definition kext :: "'u psr \<Rightarrow> ('s \<Rightarrow> ('s \<Rightarrow> 'u) option) \<Rightarrow> ('s \<Rightarrow> 'u) \<Rightarrow> ('s \<Rightarrow> 'u) option" where
  "kext A f m =
     (let g = (\<lambda>\<tau>. isum A (\<lambda>\<sigma>. ptimes A (m \<sigma>) (the (f \<sigma>) \<tau>)) (supp A m)) in
      if (\<forall>\<sigma>\<in>supp A m. f \<sigma> \<noteq> None) \<and> (\<forall>\<tau>. g \<tau> \<noteq> None)
         \<and> weighting A (\<lambda>\<tau>. the (g \<tau>))
      then Some (\<lambda>\<tau>. the (g \<tau>)) else None)"

datatype 's bexp = BTrue | BFalse | BPrim "'s set" | BNot "'s bexp"
  | BAnd "'s bexp" "'s bexp" | BOr "'s bexp" "'s bexp"

fun bval :: "'s bexp \<Rightarrow> 's \<Rightarrow> bool" where
  "bval BTrue \<sigma> = True"
| "bval BFalse \<sigma> = False"
| "bval (BPrim t) \<sigma> = (\<sigma> \<in> t)"
| "bval (BNot b) \<sigma> = (\<not> bval b \<sigma>)"
| "bval (BAnd b1 b2) \<sigma> = (bval b1 \<sigma> \<and> bval b2 \<sigma>)"
| "bval (BOr b1 b2) \<sigma> = (bval b1 \<sigma> \<or> bval b2 \<sigma>)"

datatype ('s, 'u) expr = Test "'s bexp" | Weight 'u

fun eval :: "'u psr \<Rightarrow> ('s, 'u) expr \<Rightarrow> 's \<Rightarrow> 'u" where
  "eval A (Test b) \<sigma> = (if bval b \<sigma> then pone A else pzero A)"
| "eval A (Weight u) \<sigma> = u"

★ ★ ★ ★ ★ ★ ★

### ACTION ITEM
Print the material once more. Change nothing.

### COMPLETED EXERCISE
definition kext :: "'u psr \<Rightarrow> ('s \<Rightarrow> ('s \<Rightarrow> 'u) option) \<Rightarrow> ('s \<Rightarrow> 'u) \<Rightarrow> ('s \<Rightarrow> 'u) option" where
  "kext A f m =
     (let g = (\<lambda>\<tau>. isum A (\<lambda>\<sigma>. ptimes A (m \<sigma>) (the (f \<sigma>) \<tau>)) (supp A m)) in
      if (\<forall>\<sigma>\<in>supp A m. f \<sigma> \<noteq> None) \<and> (\<forall>\<tau>. g \<tau> \<noteq> None)
         \<and> weighting A (\<lambda>\<tau>. the (g \<tau>))
      then Some (\<lambda>\<tau>. the (g \<tau>)) else None)"

datatype 's bexp = BTrue | BFalse | BPrim "'s set" | BNot "'s bexp"
  | BAnd "'s bexp" "'s bexp" | BOr "'s bexp" "'s bexp"

fun bval :: "'s bexp \<Rightarrow> 's \<Rightarrow> bool" where
  "bval BTrue \<sigma> = True"
| "bval BFalse \<sigma> = False"
| "bval (BPrim t) \<sigma> = (\<sigma> \<in> t)"
| "bval (BNot b) \<sigma> = (\<not> bval b \<sigma>)"
| "bval (BAnd b1 b2) \<sigma> = (bval b1 \<sigma> \<and> bval b2 \<sigma>)"
| "bval (BOr b1 b2) \<sigma> = (bval b1 \<sigma> \<or> bval b2 \<sigma>)"

datatype ('s, 'u) expr = Test "'s bexp" | Weight 'u

fun eval :: "'u psr \<Rightarrow> ('s, 'u) expr \<Rightarrow> 's \<Rightarrow> 'u" where
  "eval A (Test b) \<sigma> = (if bval b \<sigma> then pone A else pzero A)"
| "eval A (Weight u) \<sigma> = u"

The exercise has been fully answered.